I'm sure someone has come up with this solution to collections of derived types in derived objects somewhere before, but I couldn't find the solution written up anywhere when I was trying to solve it, so I though I'd write it up for the sake of easy reference.

Suppose you have the following types to represent line items on an EDI document (property accessors removed to reduce code clutter):

class LineItem
{
string GoodDescription;
string ID;
}


class PurchaseOrderLineItem : LineItem
{
public decimal UnitPrice;
}

class ForecastLineItem : LineItem
{
public int DaysAhead;
}

There are a number of different types of EDI documents, all of which contain line items and all derived from a base EDI document, but how do you express the relationship between the elements in the collection without repeating the declaration of the collection in each derived EDI document type (which would kill the ability to handle the line items polymorphically) and yet still maintain strong typing so a forecast document could only store forecast line items?

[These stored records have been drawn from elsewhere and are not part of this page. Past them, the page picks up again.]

lemma integral_square_orthonormal_sum:
  assumes v_L2: "\<And>n. v n \<in> L2 M"
    and v_orthonormal: "\<And>n m. L2_inner M (v n) (v m) = (if n = m then 1 else 0)"
    and "finite I"
  shows "(\<integral>x. (\<Sum>n\<in>I. a n * v n x)\<^sup>2 \<partial>M) = (\<Sum>n\<in>I. (a n)\<^sup>2)"
proof -
  have "(\<integral>x. (\<Sum>n\<in>I. a n * v n x)\<^sup>2 \<partial>M)
      = (\<integral>x. (\<Sum>n\<in>I. \<Sum>m\<in>I. a n * a m * (v n x * v m x)) \<partial>M)"
    by (simp add: power2_eq_square sum_product algebra_simps)
  also have "\<dots> = (\<Sum>n\<in>I. \<Sum>m\<in>I. a n * a m * L2_inner M (v n) (v m))"
    unfolding L2_inner_def using L2_integrable_mult[OF v_L2 v_L2] by (simp add: integral_sum)
  also have "\<dots> = (\<Sum>n\<in>I. (a n)\<^sup>2)"
    using \<open>finite I\<close> by (simp add: v_orthonormal power2_eq_square if_distrib cong: if_cong)
  finally show ?thesis .
qed

lemma AE_abs_le_Linf_norm:
  assumes "f \<in> Linf M"
  shows "AE x in M. \<bar>f x\<bar> \<le> Linf_norm M f"
  using esssup_AE[of "\<lambda>x. ereal \<bar>f x\<bar>" M]
proof eventually_elim
  case (elim x)
  then show ?case
    using assms unfolding Linf_def Linf_norm_def
    by (cases "esssup M (\<lambda>x. ereal \<bar>f x\<bar>)") auto
qed

lemma Linf_AE_bounded:
  assumes "f \<in> borel_measurable M" "AE x in M. \<bar>f x\<bar> \<le> B" "0 \<le> B"
  shows "f \<in> Linf M" and "Linf_norm M f \<le> B"
proof -
  have esssup: "esssup M (\<lambda>x. ereal \<bar>f x\<bar>) \<le> ereal B"
    using assms(1,2) by (intro esssup_I) auto
  then show "f \<in> Linf M"
    unfolding Linf_def using assms(1) by (auto intro: le_less_trans)
  show "Linf_norm M f \<le> B"
    unfolding Linf_norm_def using esssup \<open>0 \<le> B\<close>
    by (cases "esssup M (\<lambda>x. ereal \<bar>f x\<bar>)") auto
qed

lemma nn_integral_square_le_liminf:
  fixes f :: "'a \<Rightarrow> real"
  assumes meas: "\<And>K. g K \<in> borel_measurable M"
    and conv: "AE x in M. (\<lambda>K. g K x) \<longlonglongrightarrow> f x"
  shows "(\<integral>\<^sup>+x. ennreal ((f x)\<^sup>2) \<partial>M) \<le> liminf (\<lambda>K. \<integral>\<^sup>+x. ennreal ((g K x)\<^sup>2) \<partial>M)"
proof -
  have "(\<integral>\<^sup>+x. ennreal ((f x)\<^sup>2) \<partial>M) = (\<integral>\<^sup>+x. liminf (\<lambda>K. ennreal ((g K x)\<^sup>2)) \<partial>M)"
    using conv
  proof (intro nn_integral_cong_AE, eventually_elim)
    case (elim x)
    then have "(\<lambda>K. ennreal ((g K x)\<^sup>2)) \<longlonglongrightarrow> ennreal ((f x)\<^sup>2)"
      by (intro tendsto_ennrealI tendsto_intros)
    then show ?case
      by (intro lim_imp_Liminf[symmetric]) auto
  qed
  also have "\<dots> \<le> liminf (\<lambda>K. \<integral>\<^sup>+x. ennreal ((g K x)\<^sup>2) \<partial>M)"
    using meas by (intro nn_integral_liminf) measurable
  finally show ?thesis .
qed

lemma L2_limit_AE_abs_le:
  assumes lim: "L2_limit M S f"
    and S_L2: "\<And>N. S N \<in> L2 M"
    and bound: "AE x in M. \<forall>N. \<bar>S N x\<bar> \<le> B"
  shows "AE x in M. \<bar>f x\<bar> \<le> B"
proof -
  have f_L2: "f \<in> L2 M" and conv: "(\<lambda>N. \<integral>x. (f x - S N x)\<^sup>2 \<partial>M) \<longlonglongrightarrow> 0"
    using lim unfolding L2_limit_def by auto
  define g where "g x = ennreal ((max 0 (\<bar>f x\<bar> - B))\<^sup>2)" for x
  have [measurable]: "f \<in> borel_measurable M"
    using f_L2 unfolding L2_def by simp
  have g_meas: "g \<in> borel_measurable M"
    unfolding g_def by measurable
  have g_le: "integral\<^sup>N M g \<le> ennreal (\<integral>x. (f x - S N x)\<^sup>2 \<partial>M)" for N
  proof -
    have "integral\<^sup>N M g \<le> (\<integral>\<^sup>+x. ennreal ((f x - S N x)\<^sup>2) \<partial>M)"
      using bound
    proof (intro nn_integral_mono_AE, eventually_elim)
      case (elim x)
      then have "max 0 (\<bar>f x\<bar> - B) \<le> \<bar>f x - S N x\<bar>"
        by (auto dest: spec[of _ N])
      then show ?case
        unfolding g_def by (intro ennreal_leI) (metis max.cobounded1 power2_abs power_mono)
    qed
    also have "\<dots> = ennreal (\<integral>x. (f x - S N x)\<^sup>2 \<partial>M)"
      using L2_integrable_square_diff[OF f_L2 S_L2] by (intro nn_integral_eq_integral) auto
    finally show ?thesis .
  qed
  have "integral\<^sup>N M g \<le> ennreal 0"
    by (rule LIMSEQ_le_const[OF tendsto_ennrealI[OF conv]]) (use g_le in auto)
  then have "AE x in M. g x = 0"
    using nn_integral_0_iff_AE[OF g_meas] by simp
  then show ?thesis
    by eventually_elim (simp add: g_def)
qed

lemma L2_limit_series_Linf:
  assumes v_L2: "\<And>n. v n \<in> L2 M"
    and lim: "L2_limit M (\<lambda>N x. \<Sum>n<N. a n * v n x) f"
    and bound: "AE x in M. \<forall>N. (\<Sum>n<N. \<bar>a n * v n x\<bar>) \<le> B"
    and "0 \<le> B"
  shows "f \<in> Linf M" and "Linf_norm M f \<le> B"
proof -
  have "AE x in M. \<bar>f x\<bar> \<le> B"
  proof (rule L2_limit_AE_abs_le[OF lim])
    show "(\<lambda>x. \<Sum>n<N. a n * v n x) \<in> L2 M" for N
      using v_L2 by (rule L2_sum)
    show "AE x in M. \<forall>N. \<bar>\<Sum>n<N. a n * v n x\<bar> \<le> B"
      using bound by eventually_elim (blast intro: order_trans[OF sum_abs])
  qed
  moreover have "f \<in> borel_measurable M"
    using lim unfolding L2_limit_def L2_def by simp
  ultimately show "f \<in> Linf M" and "Linf_norm M f \<le> B"
    using Linf_AE_bounded \<open>0 \<le> B\<close> by blast+
qed

lemma nn_integral_orthonormal_series_tail_le:
  assumes v_L2: "\<And>n. v n \<in> L2 M"
    and v_orthonormal: "\<And>n m. L2_inner M (v n) (v m) = (if n = m then 1 else 0)"
    and square_summable: "summable (\<lambda>n. (a n)\<^sup>2)"
    and conv: "AE x in M. (\<lambda>N. \<Sum>n<N. a n * v n x) \<longlonglongrightarrow> f x"
  shows "(\<integral>\<^sup>+x. ennreal ((f x - (\<Sum>n<N. a n * v n x))\<^sup>2) \<partial>M) \<le> ennreal (\<Sum>k. (a (k + N))\<^sup>2)"
proof -
  define S where "S N x = (\<Sum>n<N. a n * v n x)" for N x
  have "S N \<in> L2 M" for N
    unfolding S_def[abs_def] using v_L2 by (rule L2_sum)
  then have [measurable]: "S N \<in> borel_measurable M" for N
    unfolding L2_def by simp
  have S_diff: "S (K + N) x - S N x = (\<Sum>k<K. a (k + N) * v (k + N) x)" for K x
    by (induction K) (simp_all add: S_def)
  have partial: "(\<integral>\<^sup>+x. ennreal ((S (K + N) x - S N x)\<^sup>2) \<partial>M) \<le> ennreal (\<Sum>k. (a (k + N))\<^sup>2)"
    for K
  proof -
    have "(\<integral>\<^sup>+x. ennreal ((S (K + N) x - S N x)\<^sup>2) \<partial>M)
        = ennreal (\<integral>x. (\<Sum>k<K. a (k + N) * v (k + N) x)\<^sup>2 \<partial>M)"
      unfolding S_diff using L2_sum[of "{..<K}" "\<lambda>k. v (k + N)"] v_L2
      by (intro nn_integral_eq_integral) (auto simp: L2_def)
    also have "\<dots> = ennreal (\<Sum>k<K. (a (k + N))\<^sup>2)"
      using integral_square_orthonormal_sum[of "\<lambda>k. v (k + N)" M "{..<K}"] v_L2 v_orthonormal
      by simp
    also have "\<dots> \<le> ennreal (\<Sum>k. (a (k + N))\<^sup>2)"
      using summable_ignore_initial_segment[OF square_summable]
      by (intro ennreal_leI sum_le_suminf) auto
    finally show ?thesis .
  qed
  have "AE x in M. (\<lambda>K. S (K + N) x - S N x) \<longlonglongrightarrow> f x - S N x"
    using conv unfolding S_def[symmetric]
    by eventually_elim (rule tendsto_diff[OF LIMSEQ_ignore_initial_segment tendsto_const])
  then have "(\<integral>\<^sup>+x. ennreal ((f x - S N x)\<^sup>2) \<partial>M)
      \<le> liminf (\<lambda>K. \<integral>\<^sup>+x. ennreal ((S (K + N) x - S N x)\<^sup>2) \<partial>M)"
    by (rule nn_integral_square_le_liminf[rotated]) measurable
  also have "\<dots> \<le> ennreal (\<Sum>k. (a (k + N))\<^sup>2)"
    using partial by (intro Liminf_le) auto
  finally show ?thesis
    unfolding S_def .
qed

The solution I cam up with was to use generics and generic constraints:

class EDIDocument<T> where T : LineItem
{
public List<T> LineItems;
}

class Forecast : EDIDocument<ForecastLineItem >
{
}

class PurchaseOrder : EDIDocument<PurchaseOrderLineItem>
{
}

With this solution, you get the two big wins and polymorphism and strong-typing at compile time, and this is achieved without a lot of extra code or any run-time performance penalty. After working on a project that (for a variety of reasonable technical and business issues) was stuck on .NET 1.1, solving real problems with generics is enjoyable.